03-15-2012 09:39 AM - edited 03-07-2019 05:35 AM
Hi,
When having a look at the hardware rate-limit counters of one of our nexus 7010, I have noticed dropped on various class but especially layer-3 glean packets.
show hardware rate-limiter layer-3 glean
Units for Config: packets per second
Allowed, Dropped & Total: aggregated since last clear counters
Rate Limiter Class Parameters
------------------------------------------------------------
layer-3 glean Config : 100
Allowed : 676722671
Dropped : 1115484297
Total : 1792206968
and this is increasing rather quickly. I have to admit I am not sure to understand what is really layer-3 "glean" packets so I am wondering if this kind of behaviour is normal and what can be the impact of a high number of dropped packet in that category ?
Thanks,
Laurent
03-15-2012 10:38 AM
Hello Laurent,
Glean is when a packet is sent to the CPU to generate an ARP entry because there is none for the destination IP of the packet. An example would be a packet where the destination IP is 192.168.1.200 when you have 192.168.1.0/24 on a vlan interface.

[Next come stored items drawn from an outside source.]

(* Let $p$ be a prime, $n\ge 1$, and $a_1,\ldots,a_n\in\mathbb{Q}_p$ with $|a_1|>p$ and $|a_1|>|j a_j|$ for all $2\le j\le n$. Then $$\int_{|x|\le 1}\chi(a_1x+\dots+a_nx^n)\,dx=0.$$
   Context: $|\cdot|$ denotes the $p$-adic absolute value on $\mathbb{Q}_p$; for an integer $j$, $|j|$ means its $p$-adic absolute value. Every nonzero $x\in\mathbb{Q}_p$ has a unique standard expansion $x=\sum_{j=k}^\infty x_jp^j$ with $x_j\in\{0,\ldots,p-1\}$, $x_k\neq 0$, $|x|=p^{-k}$. The additive character $\chi:\mathbb{Q}_p\to\mathbb{C}$ is $\chi(x)=\exp\!\big(2\pi i\sum_{j=k}^{-1}x_jp^j\big)$ if $|x|>1$ and $\chi(x)=1$ if $|x|\le 1$. $dx$ is the Haar measure on $\mathbb{Q}_p$ normalized so that each ball $\{x:|x-x_0|\le p^r\}$ has measure $p^r$. *)

theory Defs
  imports "HOL-Probability.Probability"
begin

text \<open>p-adic numbers represented by their standard digit expansion
  x = sum_j (x j) p^j : a digit function int => nat with all digits < p and
  only finitely many nonzero digits at negative positions.\<close>

type_synonym padic = "int \<Rightarrow> nat"

definition padic_num :: "nat \<Rightarrow> padic \<Rightarrow> bool" where
  "padic_num p x \<longleftrightarrow> (\<forall>j. x j < p) \<and> (\<exists>k. \<forall>j<k. x j = 0)"

definition padic_trunc :: "nat \<Rightarrow> padic \<Rightarrow> int \<Rightarrow> rat" where
  "padic_trunc p x N = (\<Sum>j\<in>{j. j < N \<and> x j \<noteq> 0}. of_nat (x j) * (of_nat p) powi j)"

text \<open>r lies in p^K Z_(p), i.e. the p-adic valuation of r is at least K.\<close>
definition padic_small :: "nat \<Rightarrow> int \<Rightarrow> rat \<Rightarrow> bool" where
  "padic_small p K r \<longleftrightarrow>
     (\<exists>a b::int. b \<noteq> 0 \<and> \<not> int p dvd b \<and> r = of_int a / of_int b * (of_nat p) powi K)"

definition padic_lim :: "nat \<Rightarrow> (int \<Rightarrow> rat) \<Rightarrow> padic \<Rightarrow> bool" where
  "padic_lim p s z \<longleftrightarrow> padic_num p z \<and>
     (\<forall>K. \<exists>N0. \<forall>N\<ge>N0. padic_small p K (s N - padic_trunc p z N))"

definition padic_limit :: "nat \<Rightarrow> (int \<Rightarrow> rat) \<Rightarrow> padic" where
  "padic_limit p s = (THE z. padic_lim p s z)"

definition padic_of_int :: "nat \<Rightarrow> int \<Rightarrow> padic" where
  "padic_of_int p m = padic_limit p (\<lambda>_. of_int m)"

definition padic_mul :: "nat \<Rightarrow> padic \<Rightarrow> padic \<Rightarrow> padic" where
  "padic_mul p x y = padic_limit p (\<lambda>N. padic_trunc p x N * padic_trunc p y N)"

definition padic_poly :: "nat \<Rightarrow> (nat \<Rightarrow> padic) \<Rightarrow> nat \<Rightarrow> padic \<Rightarrow> padic" where
  "padic_poly p a n x =
     padic_limit p (\<lambda>N. \<Sum>j=1..n. padic_trunc p (a j) N * padic_trunc p x N ^ j)"

definition padic_abs :: "nat \<Rightarrow> padic \<Rightarrow> real" where
  "padic_abs p x = (if x = (\<lambda>_. 0) then 0
      else real p powi (- (THE k. x k \<noteq> 0 \<and> (\<forall>j<k. x j = 0))))"

definition padic_chi :: "nat \<Rightarrow> padic \<Rightarrow> complex" where
  "padic_chi p x = (if padic_abs p x \<le> 1 then 1
      else exp (2 * pi * \<i> *
        of_real (\<Sum>j\<in>{j. j < 0 \<and> x j \<noteq> 0}. real (x j) * real p powi j)))"

text \<open>Haar measure on the unit ball Z_p = {x. |x| <= 1}: digits at negative
  positions are 0, digits at positions j >= 0 are independent and uniform
  on {0..p-1}.  Every ball of radius p^r (r <= 0) has measure p^r.\<close>
definition padic_haar_Zp :: "nat \<Rightarrow> padic measure" where
  "padic_haar_Zp p = (\<Pi>\<^sub>M j\<in>(UNIV::int set).
      uniform_count_measure (if j < 0 then {0} else {0..<p}))"

end

theory Submission
  imports Defs
begin

text \<open>Choose \<open>L\<close> such that no coefficient has digits below position \<open>-L\<close>, and let \<open>A j\<close> be the
  integer \<open>p^L a_j\<close> truncated modulo \<open>p^(2L)\<close>. For \<open>x \<in> \<int>_p\<close> the character of
  \<open>a_1 x + ... + a_n x^n\<close> depends only on \<open>X = x mod p^L\<close> and equals \<open>e2pi (P X / p^L)\<close> with
  \<open>P X = \<Sum>j. A j X^j\<close>, so the integral is the normalised exponential sum
  \<open>p^-L \<Sum>X<p^L. e2pi (P X / p^L)\<close>. If \<open>|a_1| = p^m\<close> with \<open>m \<ge> 2\<close> and \<open>L = w + m\<close>, then
  \<open>A 1 = p^w u\<close> with \<open>p\<close> not dividing \<open>u\<close>, while \<open>|j a_j| < |a_1|\<close> gives \<open>p^(w+1) | j A j\<close>.
  Hence \<open>P (X + p^(m-1) y) = P X + P' X p^(m-1) y\<close> modulo \<open>p^L\<close>, where \<open>P' X = p^w c\<close> and \<open>p\<close> does
  not divide \<open>c\<close>: shifting \<open>X\<close> by \<open>p^(m-1) y\<close> multiplies the summand by the \<open>p\<close>-th root of
  unity \<open>e2pi (c y / p)\<close>, and averaging over \<open>y < p\<close> shows that the sum vanishes.\<close>

section \<open>Exponential sums\<close>

definition e2pi :: "real \<Rightarrow> complex" where
  "e2pi r = exp (2 * pi * \<i> * complex_of_real r)"

lemma e2pi_add: "e2pi (r + s) = e2pi r * e2pi s"
  unfolding e2pi_def by (simp add: distrib_left exp_add)

lemma e2pi_eq_1_iff: "e2pi r = 1 \<longleftrightarrow> r \<in> \<int>"
proof
  assume "e2pi r = 1"
  then obtain k :: int where "Im (2 * pi * \<i> * complex_of_real r) = real_of_int (2 * k) * pi"
    unfolding e2pi_def exp_eq_1 by blast
  then have "r = of_int k" by simp
  then show "r \<in> \<int>" by simp
next
  assume "r \<in> \<int>"
  then obtain k where "r = of_int k" by (auto elim: Ints_cases)
  then show "e2pi r = 1"
    unfolding e2pi_def using exp_2pi_1_int[of k] by (simp add: mult.commute mult.left_commute)
qed

lemma e2pi_of_int [simp]: "e2pi (of_int k) = 1"
  by (simp add: e2pi_eq_1_iff)

lemma e2pi_add_of_int: "e2pi (r + of_int k) = e2pi r"
  by (simp add: e2pi_add)

lemma e2pi_of_nat_mult: "e2pi (real k * r) = e2pi r ^ k"
proof -
  have "e2pi (real k * r) = exp (of_nat k * (2 * pi * \<i> * complex_of_real r))"
    unfolding e2pi_def by (simp add: algebra_simps)
  then show ?thesis by (simp add: exp_of_nat_mult e2pi_def)
qed

lemma e2pi_divide_cong:
  fixes a b q :: int
  assumes "q dvd a - b" "q \<noteq> 0"
  shows "e2pi (of_int a / of_int q) = e2pi (of_int b / of_int q)"
proof -
  obtain k where "a - b = q * k" using assms(1) by (rule dvdE)
  then have "of_int a / of_int q = of_int b / of_int q + (of_int k :: real)"
    using assms(2) by (simp add: field_simps)
  then show ?thesis by (simp add: e2pi_add_of_int)
qed

lemma e2pi_sum_multiples_eq_0:
  fixes c :: int
  assumes "q > 0" and "\<not> int q dvd c"
  shows "(\<Sum>y<q. e2pi (of_int c * real y / real q)) = 0"
proof -
  define z where "z = e2pi (of_int c / real q)"
  have "e2pi (of_int c * real y / real q) = z ^ y" for y
    unfolding z_def using e2pi_of_nat_mult[of y "of_int c / real q"] by (simp add: mult.commute)
  moreover have "z ^ q = 1"
    using e2pi_of_nat_mult[of q "of_int c / real q"] assms(1) unfolding z_def
    by simp
  moreover have "z \<noteq> 1"
  proof
    assume "z = 1"
    then obtain k :: int where "of_int c / real q = of_int k"
      unfolding z_def e2pi_eq_1_iff by (auto elim: Ints_cases)
    then have "real_of_int c = real_of_int (int q * k)" using assms(1) by (simp add: field_simps)
    then have "c = int q * k" by (simp only: of_int_eq_iff)
    then show False using assms(2) by simp
  qed
  ultimately show ?thesis by (simp add: sum_gp_strict)
qed

lemma sum_periodic_shift:
  fixes F :: "int \<Rightarrow> 'a::comm_monoid_add"
  assumes "M > 0" and "\<And>X. F (X mod M) = F X"
  shows "(\<Sum>X\<in>{0..<M}. F (X + h)) = (\<Sum>X\<in>{0..<M}. F X)"
proof -
  have "(\<Sum>X\<in>{0..<M}. F (X + h)) = (\<Sum>X\<in>{0..<M}. F ((X + h) mod M))"
    using assms(2) by simp
  also have "\<dots> = (\<Sum>X\<in>{0..<M}. F X)"
    by (rule sum.reindex_bij_witness[where i = "\<lambda>Y. (Y - h) mod M" and j = "\<lambda>X. (X + h) mod M"])
      (use assms(1) in \<open>auto simp: mod_diff_left_eq mod_add_left_eq\<close>)
  finally show ?thesis .
qed

lemma dvd_diff_mult:
  fixes a a' b b' M :: "'a::comm_ring_1"
  assumes "M dvd a' - a" "M dvd b' - b"
  shows "M dvd a' * b' - a * b"
proof -
  have "a' * b' - a * b = a' * (b' - b) + (a' - a) * b" by (simp add: algebra_simps)
  then show ?thesis using assms by simp
qed

lemma dvd_diff_power:
  fixes a a' M :: "'a::comm_ring_1"
  assumes "M dvd a' - a"
  shows "M dvd a' ^ j - a ^ j"
  by (induction j) (simp_all add: dvd_diff_mult[OF assms])

lemma dvd_diff_sum:
  fixes f f' :: "'b \<Rightarrow> 'a::comm_ring_1"
  assumes "\<And>j. j \<in> A \<Longrightarrow> M dvd f' j - f j"
  shows "M dvd sum f' A - sum f A"
  using assms by (simp add: sum_subtractf[symmetric] dvd_sum)

lemma dvd_diff_poly:
  fixes A :: "nat \<Rightarrow> 'a::comm_ring_1"
  assumes "M dvd X' - X"
  shows "M dvd (\<Sum>j\<in>J. A j * X' ^ j) - (\<Sum>j\<in>J. A j * X ^ j)"
  using assms by (intro dvd_diff_sum dvd_diff_mult dvd_diff_power) simp_all

lemma prime_power_dvd_mult_imp_dvd_pred_power:
  fixes g :: int
  assumes p: "prime p" and k: "k \<ge> 1" and dvd: "int p ^ e dvd int k * g"
  shows "int p ^ e dvd int p ^ (k - 1) * g"
proof -
  obtain t where t: "gcd (p ^ e) k = p ^ t"
    using divides_primepow_nat[OF p, of "gcd (p ^ e) k" e] by auto
  have "p ^ t dvd k" using t by (metis gcd_dvd2)
  then have "p ^ t \<le> k" using k by (simp add: dvd_imp_le)
  also have "k < 2 ^ k" by (rule less_exp)
  also have "2 ^ k \<le> p ^ k" using prime_ge_2_nat[OF p] by (simp add: power_mono)
  finally have "t < k" using prime_ge_2_nat[OF p] by (simp add: power_less_imp_less_exp)
  obtain u v where uv: "u * int p ^ e + v * int k = int p ^ t"
    using bezout_int[of "int p ^ e" "int k"] t gcd_int_int_eq[of "p ^ e" k] by auto
  have "int p ^ t * g = int p ^ e * (u * g) + v * (int k * g)"
    by (simp flip: uv add: algebra_simps)
  then have "int p ^ e dvd int p ^ t * g" using dvd by simp
  moreover have "int p ^ t dvd int p ^ (k - 1)" using \<open>t < k\<close> by (simp add: le_imp_power_dvd)
  ultimately show ?thesis by (meson dvd_trans mult_dvd_mono dvd_refl)
qed

text \<open>From \<open>p^(w+1) | j a\<close> the higher binomial terms of \<open>a (X + p^(m-1) y)^j\<close> vanish
  modulo \<open>p^(w+m)\<close>: the factor \<open>k\<close> of \<open>k (j choose k) = j ((j-1) choose (k-1))\<close> has
  \<open>p\<close>-valuation below \<open>k\<close>.\<close>
lemma prime_power_dvd_binomial_term:
  fixes a :: int
  assumes p: "prime p" and m: "m \<ge> 2" and k: "1 \<le> k" "k \<le> j"
    and dvd: "int p ^ (w+1) dvd int j * a"
  shows "int p ^ (w+m) dvd a * int (j choose k) * int p ^ ((m-1) * k)"
proof -
  define g where "g = a * int (j choose k)"
  have "k * (j choose k) = j * ((j - 1) choose (k - 1))"
    using times_binomial_minus1_eq[of k j] k by simp
  then have "int k * g = int j * a * int ((j - 1) choose (k - 1))"
    unfolding g_def by (simp add: algebra_simps flip: of_nat_mult)
  then have "int p ^ (w+1) dvd int k * g" using dvd by simp
  then have "int p ^ (w+1) dvd int p ^ (k - 1) * g"
    using p k(1) by (rule prime_power_dvd_mult_imp_dvd_pred_power[rotated 2])
  define E where "E = (m-1)*k - (k-1)"
  have "k - 1 \<le> (m-1) * k" and wm: "w + m \<le> (w+1) + E"
  proof -
    have "m - 1 = Suc (m - 2)" using m by simp
    then have "(m-1) * k = (m-2) * k + k" by simp
    moreover have "m - 2 \<le> (m-2) * k" using k by simp
    ultimately show "k - 1 \<le> (m-1) * k" "w + m \<le> (w+1) + E" unfolding E_def using m k by linarith+
  qed
  then have "int p ^ (k - 1) * g * int p ^ E = g * int p ^ ((m-1)*k)"
    unfolding E_def by (metis power_add le_add_diff_inverse mult.commute mult.left_commute)
  moreover have "int p ^ (w+1) * int p ^ E dvd int p ^ (k - 1) * g * int p ^ E"
    using \<open>int p ^ (w+1) dvd int p ^ (k - 1) * g\<close> by (rule mult_dvd_mono) simp
  ultimately have "int p ^ ((w+1) + E) dvd g * int p ^ ((m-1)*k)"
    by (simp only: power_add)
  then show ?thesis unfolding g_def
    using le_imp_power_dvd[OF wm, of "int p"] dvd_trans by blast
qed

If the PC was turned off then any packets destined to that ip address would be sent to the CPU for Glean and subject to that rate limiter.
-Matt
03-19-2012 02:35 AM
Hello Matthew,
Thanks for the reply.
So, given the high number of dropped packets in this "Rate Limiter Class" that means that very frequently the Nexus finds no arp entry for IPs and sends the packets to the CPU where they are often dropped by the limiter, right ?
Is the original packet dropped in that case or does the Nexus retries the "Glean process" until it gets a reply / exceed some timeouts ?
Thanks,
Laurent
03-15-2012 10:53 AM
Hi Laurent
As a fisrt step you can try to disable ip redirects on your svi interfaces.